(* Let $f:X\to Y$ be a function between topological spaces, where $\gamma$ is a regular operation. Then $f$ is $\gamma$-semi-continuous if and only if for each $x\in X$ and each $\gamma$-open set $B\subseteq Y$ containing $f(x)$, there exists a $\gamma^{*}$-semi-open set $A\subseteq X$ such that $x\in A$ and $f(A)\subseteq B$.
   Context: Each of the spaces $X$, $Y$ carries an operation, both denoted $\gamma$: a map $V\mapsto V^\gamma$ from open sets to subsets with $V\subseteq V^\gamma$. In a space $Z$, for $A\subseteq Z$, $int_\gamma(A)=\{x\in A: \text{there is an open } N \text{ with } x\in N,\ N^\gamma\subseteq A\}$; $A$ is $\gamma$-open iff $A=int_\gamma(A)$. $cl_\gamma(A)$ is the set of $x\in Z$ such that $U^\gamma\cap A\neq\emptyset$ for every open $U\ni x$. $A$ is $\gamma^{*}$-semi-open if there is a $\gamma$-open $O$ with $O\subseteq A\subseteq cl_\gamma(O)$. $f$ is $\gamma$-semi-continuous if $f^{-1}(B)$ is $\gamma^{*}$-semi-open in $X$ for every $\gamma$-open $B$ in $Y$. $\gamma$ is regular if for every point $x$ and open neighbourhoods $U,V$ of $x$ there is an open neighbourhood $W$ of $x$ with $W^\gamma\subseteq U^\gamma\cap V^\gamma$. *)

theory Defs
  imports "HOL-Analysis.Analysis"
begin

text \<open>An operation on the space T: a map V |-> g V with V contained in g V for open V.
  Only its values on open sets matter.\<close>
definition is_operation :: "'a topology \<Rightarrow> ('a set \<Rightarrow> 'a set) \<Rightarrow> bool" where
  "is_operation T g \<longleftrightarrow> (\<forall>V. openin T V \<longrightarrow> V \<subseteq> g V)"

definition gamma_int :: "'a topology \<Rightarrow> ('a set \<Rightarrow> 'a set) \<Rightarrow> 'a set \<Rightarrow> 'a set" where
  "gamma_int T g A = {x \<in> A. \<exists>N. openin T N \<and> x \<in> N \<and> g N \<subseteq> A}"

definition gamma_open :: "'a topology \<Rightarrow> ('a set \<Rightarrow> 'a set) \<Rightarrow> 'a set \<Rightarrow> bool" where
  "gamma_open T g A \<longleftrightarrow> A \<subseteq> topspace T \<and> A = gamma_int T g A"

definition gamma_cl :: "'a topology \<Rightarrow> ('a set \<Rightarrow> 'a set) \<Rightarrow> 'a set \<Rightarrow> 'a set" where
  "gamma_cl T g A = {x \<in> topspace T. \<forall>U. openin T U \<and> x \<in> U \<longrightarrow> g U \<inter> A \<noteq> {}}"

definition gamma_star_semi_open :: "'a topology \<Rightarrow> ('a set \<Rightarrow> 'a set) \<Rightarrow> 'a set \<Rightarrow> bool" where
  "gamma_star_semi_open T g A \<longleftrightarrow> A \<subseteq> topspace T \<and>
     (\<exists>G. gamma_open T g G \<and> G \<subseteq> A \<and> A \<subseteq> gamma_cl T g G)"

definition regular_operation :: "'a topology \<Rightarrow> ('a set \<Rightarrow> 'a set) \<Rightarrow> bool" where
  "regular_operation T g \<longleftrightarrow>
     (\<forall>x U V. openin T U \<and> openin T V \<and> x \<in> U \<and> x \<in> V \<longrightarrow>
        (\<exists>W. openin T W \<and> x \<in> W \<and> g W \<subseteq> g U \<inter> g V))"

definition gamma_semi_continuous ::
  "'a topology \<Rightarrow> ('a set \<Rightarrow> 'a set) \<Rightarrow> 'b topology \<Rightarrow> ('b set \<Rightarrow> 'b set) \<Rightarrow> ('a \<Rightarrow> 'b) \<Rightarrow> bool" where
  "gamma_semi_continuous X gX Y gY f \<longleftrightarrow>
     (\<forall>B. gamma_open Y gY B \<longrightarrow> gamma_star_semi_open X gX (topspace X \<inter> f -` B))"

end

theory Submission
  imports Defs
begin

text \<open>\<gamma>*-semi-open sets are closed under arbitrary unions, so a set is \<gamma>*-semi-open as soon as each
  of its points has a \<gamma>*-semi-open neighbourhood inside it. The preimage of a \<gamma>-open set has
  this local property exactly when the pointwise condition holds.\<close>

lemma gamma_open_Union:
  assumes "\<And>G. G \<in> \<G> \<Longrightarrow> gamma_open T g G"
  shows "gamma_open T g (\<Union>\<G>)"
proof -
  have "x \<in> gamma_int T g (\<Union>\<G>)" if "G \<in> \<G>" "x \<in> G" for G x
  proof -
    have "x \<in> gamma_int T g G"
      using assms that unfolding gamma_open_def by blast
    then obtain N where "openin T N" "x \<in> N" "g N \<subseteq> G"
      unfolding gamma_int_def by blast
    with that show ?thesis
      unfolding gamma_int_def by blast
  qed
  moreover have "\<Union>\<G> \<subseteq> topspace T"
    using assms unfolding gamma_open_def by blast
  ultimately show ?thesis
    unfolding gamma_open_def gamma_int_def by blast
qed

lemma gamma_cl_mono: "A \<subseteq> B \<Longrightarrow> gamma_cl T g A \<subseteq> gamma_cl T g B"
  unfolding gamma_cl_def by blast

lemma gamma_star_semi_open_Union:
  assumes "\<And>A. A \<in> \<A> \<Longrightarrow> gamma_star_semi_open T g A"
  shows "gamma_star_semi_open T g (\<Union>\<A>)"
proof -
  obtain G where G: "\<And>A. A \<in> \<A> \<Longrightarrow>
      gamma_open T g (G A) \<and> G A \<subseteq> A \<and> A \<subseteq> gamma_cl T g (G A)"
    using assms unfolding gamma_star_semi_open_def by metis
  have "gamma_open T g (\<Union>A\<in>\<A>. G A)"
    using G by (intro gamma_open_Union) blast
  moreover have "\<Union>\<A> \<subseteq> gamma_cl T g (\<Union>A\<in>\<A>. G A)"
    using G gamma_cl_mono[of "G _" "\<Union>A\<in>\<A>. G A" T g] by blast
  moreover have "\<Union>\<A> \<subseteq> topspace T"
    using assms unfolding gamma_star_semi_open_def by blast
  ultimately show ?thesis
    unfolding gamma_star_semi_open_def using G by blast
qed

lemma gamma_star_semi_open_locally:
  assumes "\<And>x. x \<in> S \<Longrightarrow> \<exists>A. gamma_star_semi_open T g A \<and> x \<in> A \<and> A \<subseteq> S"
  shows "gamma_star_semi_open T g S"
proof -
  have "S = \<Union>{A. gamma_star_semi_open T g A \<and> A \<subseteq> S}"
    using assms by blast
  then show ?thesis
    by (metis (mono_tags, lifting) gamma_star_semi_open_Union mem_Collect_eq)
qed

theorem theorem4p2:
  fixes X :: "'a topology" and Y :: "'b topology"
    and gX :: "'a set \<Rightarrow> 'a set" and gY :: "'b set \<Rightarrow> 'b set"
    and f :: "'a \<Rightarrow> 'b"
  assumes "is_operation X gX" and "is_operation Y gY"
    and "regular_operation X gX" and "regular_operation Y gY"
    and "f ` topspace X \<subseteq> topspace Y"
  shows "gamma_semi_continuous X gX Y gY f \<longleftrightarrow>
    (\<forall>x \<in> topspace X. \<forall>B. gamma_open Y gY B \<and> f x \<in> B \<longrightarrow>
       (\<exists>A. gamma_star_semi_open X gX A \<and> x \<in> A \<and> f ` A \<subseteq> B))"
    (is "_ \<longleftrightarrow> ?pointwise")
proof
  assume "gamma_semi_continuous X gX Y gY f"
  then show ?pointwise
    unfolding gamma_semi_continuous_def by blast
next
  assume pointwise: ?pointwise
  show "gamma_semi_continuous X gX Y gY f"
    unfolding gamma_semi_continuous_def
  proof (intro allI impI gamma_star_semi_open_locally)
    fix B x
    assume "gamma_open Y gY B" and "x \<in> topspace X \<inter> f -` B"
    then obtain A where A: "gamma_star_semi_open X gX A" "x \<in> A" "f ` A \<subseteq> B"
      using pointwise by blast
    moreover have "A \<subseteq> topspace X"
      using A(1) unfolding gamma_star_semi_open_def by blast
    ultimately show "\<exists>A. gamma_star_semi_open X gX A \<and> x \<in> A \<and> A \<subseteq> topspace X \<inter> f -` B"
      by blast
  qed
qed

end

▸ **Work item**
Please copy, exactly and with nothing else, the lines above beginning at the line that has "A \<in> \<A> \<Longrightarrow> gamma_star_semi_open" and ending with the line that has "(\<forall>x \<in> topspace".

▸ **Task solution**
  assumes "\<And>A. A \<in> \<A> \<Longrightarrow> gamma_star_semi_open T g A"
  shows "gamma_star_semi_open T g (\<Union>\<A>)"
proof -
  obtain G where G: "\<And>A. A \<in> \<A> \<Longrightarrow>
      gamma_open T g (G A) \<and> G A \<subseteq> A \<and> A \<subseteq> gamma_cl T g (G A)"
    using assms unfolding gamma_star_semi_open_def by metis
  have "gamma_open T g (\<Union>A\<in>\<A>. G A)"
    using G by (intro gamma_open_Union) blast
  moreover have "\<Union>\<A> \<subseteq> gamma_cl T g (\<Union>A\<in>\<A>. G A)"
    using G gamma_cl_mono[of "G _" "\<Union>A\<in>\<A>. G A" T g] by blast
  moreover have "\<Union>\<A> \<subseteq> topspace T"
    using assms unfolding gamma_star_semi_open_def by blast
  ultimately show ?thesis
    unfolding gamma_star_semi_open_def using G by blast
qed

lemma gamma_star_semi_open_locally:
  assumes "\<And>x. x \<in> S \<Longrightarrow> \<exists>A. gamma_star_semi_open T g A \<and> x \<in> A \<and> A \<subseteq> S"
  shows "gamma_star_semi_open T g S"
proof -
  have "S = \<Union>{A. gamma_star_semi_open T g A \<and> A \<subseteq> S}"
    using assms by blast
  then show ?thesis
    by (metis (mono_tags, lifting) gamma_star_semi_open_Union mem_Collect_eq)
qed

theorem theorem4p2:
  fixes X :: "'a topology" and Y :: "'b topology"
    and gX :: "'a set \<Rightarrow> 'a set" and gY :: "'b set \<Rightarrow> 'b set"
    and f :: "'a \<Rightarrow> 'b"
  assumes "is_operation X gX" and "is_operation Y gY"
    and "regular_operation X gX" and "regular_operation Y gY"
    and "f ` topspace X \<subseteq> topspace Y"
  shows "gamma_semi_continuous X gX Y gY f \<longleftrightarrow>
    (\<forall>x \<in> topspace X. \<forall>B. gamma_open Y gY B \<and> f x \<in> B \<longrightarrow>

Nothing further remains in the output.